Что уж тут удивляться, если столетия назад тонко чувствовавшие красоту сановники и буддийские монахи приглядели это благодатное и расположенное всего в двух километрах от города побережье. Сначала, где-то в конце XIV в., минский чиновник Му Шицзэн построил здесь свою загородную резиденцию. Бурн крестьянских восстаний и маньчжурское нашествие стерли ее с лица земли, но в 1682 г. на том же месте хубэйский монах Цянь Инь поставил тростниковую хижину, назвав ее храмом Гуаньинь. Зажигательные проповеди Цянь Иия и авторитет Гуаньинь притягивали тысячи людей. С 1690 г. здесь строится ряд павильонов, беседок, среди которых наибольшую известность получила двухэтажная башня. Поскольку с нее — единственной возвышенности на этом берегу озера — открывался наилучший вид на Дяньчи и на другой объект поклонения местного населения — Западные горы (Сишань), ее и назвали Башней большого обзора (Дагуаньлоу) (рис. 24). В 1828 г. здание надстроили еще на один этаж, увеличив угол обзора, и с тех пор оно стало объектом паломничества юньнаньцев и приезжих. В 1857 г., когда восставшие против религиозных притеснений цинских чиновников мусульмане центральной Юньнани во главе с Ма Жулуном атаковали Куньмин, башня и другие сооружения погибли в огне. Через 12 лет, в 1869 г., она была восстановлена, а в 1913 г. вокруг нее был разбит парк.
Сотни поэтов, известных и доморощенных, каковых в Китае всегда было великое множество, воспевали открывающиеся с Дагуаньлоу картины Дяньчи и окружающих его гор. По сей день самой большой ценностью из всего написанного по этому поводу считаются начертанные золотом на синем фоне перед входом в башню так называемые парные надписи, составленные поэтом XVIII в. Сунь Жанем. За красоту и изящество стиля его эссе, состоящее из 180 иероглифов, именуют «лучшей из длинных парных надписей прошлого и современности». Слева от входа описывается прекрасный вид на озеро, справа — краткая история Юньнани.
Сегодня на первом и втором этажах башни расположены киоски по продаже сувениров, из окон третьего, куда ведет узкая, крутая, истертая тысячами ног лестница, как раз и открывается перспектива, волновавшая умы и сердца поэтов и художников, чиновников и простых людей многих поколений. По всему горизонту разливается синева. В косых лучах утреннего солнца глубокой, бездонной синью отливает взрыхленная ветром гладь озера, и лишь у берегов, у изрезавших видимый участок водоема насыпных дамб блестят затаенно узкие полоски воды. Голубое, без единого облачка небо, уходя вдаль, постепенно бледнеет и над плавными складками Сишань обретает невесомую белесую окраску.

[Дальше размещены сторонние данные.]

lemma Eneg_tail_fpath:
  assumes "mu \<in> Eneg E1 r s"
  shows "fpath E1 r s (map mu [n..-1])"
  using assms by (auto simp: Eneg_def fpath_def nth_upto algebra_simps)

locale edge_embedding_pair =
  fixes H1 :: "'f set" and x0e x1e :: "'f \<Rightarrow> 'e" and s :: "'e \<Rightarrow> 'v"
  assumes inj_x0e: "inj_on x0e H1" and inj_x1e: "inj_on x1e H1"
    and disjoint_images: "x0e ` H1 \<inter> x1e ` H1 = {}"
begin

abbreviation X :: "nat \<Rightarrow> 'f \<Rightarrow> 'e" where "X i \<equiv> xi_sel i x0e x1e"
abbreviation HX :: "'e set" where "HX \<equiv> H1xi H1 x0e x1e"

lemma xi_sel_inject:
  assumes "i \<in> {0,1}" "h \<in> H1" "i' \<in> {0,1}" "h' \<in> H1" "X i h = X i' h'"
  shows "i = i' \<and> h = h'"
  using assms inj_x0e inj_x1e disjoint_images unfolding xi_sel_def
  by (auto split: if_splits dest: inj_onD)

lemma xi_sel_in_H1xi: "h \<in> H1 \<Longrightarrow> X i h \<in> HX"
  by (auto simp: xi_sel_def H1xi_def)

lemma H1xi_cases:
  obtains (xi_sel) i h where "i \<in> {0,1}" "h \<in> H1" "e = X i h"
    | (other) "e \<notin> HX"
proof (cases "e \<in> HX")
  case True
  then consider h where "h \<in> H1" "e = X 0 h" | h where "h \<in> H1" "e = X 1 h"
    unfolding H1xi_def xi_sel_def by auto
  then show ?thesis using xi_sel by (metis insertCI)
qed (rule other)

lemma the_xi_sel_decode:
  assumes "i \<in> {0,1}" "h \<in> H1"
  shows "(THE ih. fst ih \<in> {0,1} \<and> snd ih \<in> H1 \<and> X i h = X (fst ih) (snd ih)) = (i, h)"
proof (rule the_equality)
  fix ih :: "nat \<times> 'f"
  assume "fst ih \<in> {0,1} \<and> snd ih \<in> H1 \<and> X i h = X (fst ih) (snd ih)"
  then show "ih = (i, h)" using xi_sel_inject[OF assms] by (cases ih) auto
qed (use assms in auto)

lemma edge_act_xi_sel:
  assumes "i \<in> {0,1}" "h \<in> H1"
  shows "edge_act H1 x0e x1e s m (X i h) = (X (nat ((m + int i) mod 2)) h, ((m + int i) div 2, s (X i h)))"
  using the_xi_sel_decode[OF assms] xi_sel_in_H1xi[OF assms(2)]
  unfolding edge_act_def by (simp add: Let_def)
lemma average_norm_sq_step_le:
  fixes s :: "'a::real_inner" and G :: "'i \<Rightarrow> 'a"
  assumes S: "finite S" "S \<noteq> {}"
    and spread: "\<forall>B\<in>S. norm (G B - average S G) \<le> c"
    and lipschitz: "norm (average S G) \<le> L * norm s"
    and monotone: "s \<bullet> average S G \<ge> m * (norm s)\<^sup>2 - K"
    and "\<eta> \<ge> 0"
  shows "average S (\<lambda>B. (norm (s - \<eta> *\<^sub>R G B))\<^sup>2)
    \<le> (1 - 2 * \<eta> * m + \<eta>\<^sup>2 * L\<^sup>2) * (norm s)\<^sup>2 + 2 * \<eta> * K + \<eta>\<^sup>2 * c\<^sup>2"
proof -
  define Gbar where "Gbar = average S G"
  define drift where "drift = s - \<eta> *\<^sub>R Gbar"
  define noise where "noise B = \<eta> *\<^sub>R (Gbar - G B)" for B
  have "(\<Sum>B\<in>S. noise B) = - \<eta> *\<^sub>R (\<Sum>B\<in>S. G B - Gbar)"
    by (simp add: noise_def scaleR_sum_right sum_negf flip: scaleR_minus_right)
  then have "(\<Sum>B\<in>S. noise B) = 0"
    using sum_sub_average_eq_0[OF S, of G] by (simp add: Gbar_def)
  then have "(\<Sum>B\<in>S. (norm (s - \<eta> *\<^sub>R G B))\<^sup>2) = real (card S) * (norm drift)\<^sup>2 + (\<Sum>B\<in>S. (norm (noise B))\<^sup>2)"
    using sum_norm_sq_add_centered[of noise S drift] by (simp add: drift_def noise_def algebra_simps)
  then have "average S (\<lambda>B. (norm (s - \<eta> *\<^sub>R G B))\<^sup>2) = (norm drift)\<^sup>2 + average S (\<lambda>B. (norm (noise B))\<^sup>2)"
    using S by (simp add: average_def field_simps)
  also have "average S (\<lambda>B. (norm (noise B))\<^sup>2) \<le> \<eta>\<^sup>2 * c\<^sup>2"
  proof -
    have "(norm (noise B))\<^sup>2 \<le> \<eta>\<^sup>2 * c\<^sup>2" if "B \<in> S" for B
      using spread that \<open>\<eta> \<ge> 0\<close> norm_minus_commute[of Gbar "G B"] unfolding Gbar_def noise_def
      by (auto simp: power_mult_distrib intro!: mult_left_mono power_mono)
    then show ?thesis
      using S by (simp add: average_le_const)
  qed
  also have "(norm drift)\<^sup>2 \<le> (1 - 2 * \<eta> * m + \<eta>\<^sup>2 * L\<^sup>2) * (norm s)\<^sup>2 + 2 * \<eta> * K"
  proof -
    have "(norm drift)\<^sup>2 = (norm s)\<^sup>2 - 2 * \<eta> * (s \<bullet> Gbar) + \<eta>\<^sup>2 * (norm Gbar)\<^sup>2"
      using norm_add_sq[of s "- \<eta> *\<^sub>R Gbar"] by (simp add: drift_def power_mult_distrib)
    moreover have "\<eta>\<^sup>2 * (norm Gbar)\<^sup>2 \<le> \<eta>\<^sup>2 * (L\<^sup>2 * (norm s)\<^sup>2)"
      using lipschitz norm_ge_zero[of Gbar] unfolding Gbar_def
      by (intro mult_left_mono) (auto simp flip: power_mult_distrib intro!: power_mono)
    moreover have "2 * \<eta> * (m * (norm s)\<^sup>2 - K) \<le> 2 * \<eta> * (s \<bullet> Gbar)"
      using monotone \<open>\<eta> \<ge> 0\<close> unfolding Gbar_def by (intro mult_left_mono) auto
    ultimately show ?thesis
      by (simp add: algebra_simps)
  qed
  finally show ?thesis
    by simp
qed

lemma card_subsets_containing:
  assumes "finite A" "i \<in> A" "1 \<le> k"
  shows "card {B. B \<subseteq> A \<and> card B = k \<and> i \<in> B} = (card A - 1) choose (k - 1)"
proof -
  have "{B. B \<subseteq> A \<and> card B = k \<and> i \<in> B} = insert i ` {C. C \<subseteq> A - {i} \<and> card C = k - 1}"
  proof (intro equalityI subsetI)
    fix B assume B: "B \<in> {B. B \<subseteq> A \<and> card B = k \<and> i \<in> B}"
    then have "finite B"
      using assms(1) finite_subset by blast
    with B show "B \<in> insert i ` {C. C \<subseteq> A - {i} \<and> card C = k - 1}"
      by (intro image_eqI[of _ _ "B - {i}"]) auto
  next
    fix B assume "B \<in> insert i ` {C. C \<subseteq> A - {i} \<and> card C = k - 1}"
    then obtain C where "C \<subseteq> A - {i}" "card C = k - 1" "B = insert i C"
      by blast
    moreover have "finite C" "i \<notin> C"
      using \<open>C \<subseteq> A - {i}\<close> assms(1) finite_subset by auto
    ultimately show "B \<in> {B. B \<subseteq> A \<and> card B = k \<and> i \<in> B}"
      using assms by auto
  qed
  moreover have "inj_on (insert i) {C. C \<subseteq> A - {i} \<and> card C = k - 1}"
    by (rule inj_onI) auto
  ultimately show ?thesis
    using assms by (simp add: card_image n_subsets)
qed
theorem corollary9p14:
  assumes "locally_compact_space (euclidean :: 'a::topological_group_add topology)"
    and "sigma_compact TYPE('a)"
    and "\<not> compactly_generated TYPE('a)"
  shows "card {E :: 'a set set. is_end E} = 1 \<or> infinite {E :: 'a set set. is_end E}"
proof (cases "\<forall>B :: 'a set. compact B \<longrightarrow> ls_bounded (generated_subgroup B)")
  case True
  then have "infinite {E :: 'a set set. is_end E}"
    using infinite_ends_if_compact_subgroups_bounded[OF assms] by blast
  then show ?thesis ..
next
  case False
  then obtain L :: "'a set" where L: "compact L" "\<not> ls_bounded (generated_subgroup L)"
    by blast
  show ?thesis
  proof (rule ccontr)
    assume "\<not> ?thesis"
    then have "finite {E :: 'a set set. is_end E}" "card {E :: 'a set set. is_end E} \<noteq> 1"
      by auto
    moreover obtain A :: "'a set" where A: "coarsely_clopen A" "\<not> ls_bounded A" "\<not> ls_bounded (- A)"
      using exists_coarsely_clopen_two_sided_if_card_ends_neq_1[OF not_ls_bounded_UNIV[OF assms(3)]]
        calculation(2) by blast
    ultimately have "finite_index (almost_stabilizer A)"
      using finite_index_almost_stabilizer by blast
    with ls_bounded_side_if_finite_index_almost_stabilizer[OF assms(3) L A(1)] A(2,3) show False
      by blast
  qed
qed

end
(* Let $G$ be a $6$-regular graph, $\mathcal S$ a canonical path partition of $G$, and $P$ a path component with end-vertices $o_1,o_2$. Let $x_1,x_2\in V_2$ be path neighbors on $P$, with $x_1$ immediately preceding $x_2$ when $P$ is traversed from $o_1$ to $o_2$. If $x_1$ goes to a vertex of a cycle component $C$, then every vertex that $x_2$ goes to is either $o_2$ or a vertex of $C$.
   Context: All graphs are finite, simple and undirected. A path partition of $G=(V,E)$ is a set of vertex-disjoint paths (single vertices allowed) covering $V$; its members are components. A component with $t\ge3$ vertices is a cycle component if the subgraph induced on its vertex set has a spanning cycle; a one-vertex component is an isolated vertex; every other component is a path component. A path partition is canonical if (1) it has the minimum number of components among all path partitions of $G$; (2) among those, it has the maximum number of cycle components; (3) it has no isolated vertices. Given a canonical path partition $\mathcal S$ of $G$: two vertices are path neighbors if they are consecutive on a path component. An edge of $G$ is a free edge unless it joins two path neighbors or has both endpoints in the same cycle component. $V_1$ is the set of end-vertices of path components together with all vertices of cycle components. $V_2$ is the set of vertices not in $V_1$ that are joined by a free edge to a vertex of $V_1$. A balanced edge is a free edge with one endpoint in $V_1$ and the other in $V_2$; for $x\in V_2$, $y\in V_1$ we say $x$ goes to $y$ if $xy$ is a balanced edge. *)

theory Defs
  imports Main
begin

definition simple_graph :: "'a set \<Rightarrow> ('a \<Rightarrow> 'a \<Rightarrow> bool) \<Rightarrow> bool" where
  "simple_graph V E \<longleftrightarrow> finite V \<and> (\<forall>x y. E x y \<longrightarrow> E y x) \<and> (\<forall>x. \<not> E x x)
     \<and> (\<forall>x y. E x y \<longrightarrow> x \<in> V \<and> y \<in> V)"

definition regular :: "nat \<Rightarrow> 'a set \<Rightarrow> ('a \<Rightarrow> 'a \<Rightarrow> bool) \<Rightarrow> bool" where
  "regular k V E \<longleftrightarrow> (\<forall>v\<in>V. card {u. E v u} = k)"

definition is_path :: "('a \<Rightarrow> 'a \<Rightarrow> bool) \<Rightarrow> 'a list \<Rightarrow> bool" where
  "is_path E p \<longleftrightarrow> p \<noteq> [] \<and> distinct p \<and> (\<forall>i. Suc i < length p \<longrightarrow> E (p ! i) (p ! Suc i))"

Самого озера почти не видно: большая его часть скрыта за деревьями и не очень эстетично разбросанными по берегу строениями. Да и не так-то легко охватить глазом пространство площадью 297 кв. км с небольшой башни. А вот Западные горы как на ладони. Нельзя сказать, что в них есть что-то особенное, но сказочный ореол, созданный вокруг них поэтическим воображением народа, заставляет воспринимать их по-особому. Нам еще предстоит побывать на Сишань, поэтому в данном месте я ограничусь лишь краткой информацией, которая соответствует восприятию гор на расстоянии.
Сишань расположены в 15 км к юго-западу от Куньмина на берегу озера Дяньчи. Состоят они из нескольких пологих вершин, самая высокая из которых — гора Лохань (Архатов) — поднимается немногим более 600 м над уровнем озера, но на 2,5 км над уровнем моря.
Как и многие другие горы в Китае, Сишань имели несколько названий. Одно из самых древних — горы Лазоревого петуха. Некогда так называли павлинов, в избытке водившихся вокруг Дяньчи. Юньнаньцами павлин из-за своей удивительной окраски отождествлялся с мифической и священной птицей феникс — символом жизни, благоденствия и спокойствия. Неудивительно, что местные жители дали горам «счастливое название».
Вокруг Сишань сложено немало легенд. Героиней одной из них, пожалуй самой популярной, является молодая, прекрасная и любящая женщина. Муж ее, посланный вождем племени в дальние края, так и не вернулся домой. Далеко-далеко, в чужих землях он попал в рабство. Красавица выплакала все свои слезы, из которых и образовалось озеро Дяньчи, а потом, лежа в отчаянии на его берегу, превратилась в камень. Если напрячь воображение, горы и вправду напоминают лежащую на спине женщину. Легенда эта объясняет еще одно название Сишань — горы Спящей красавицы.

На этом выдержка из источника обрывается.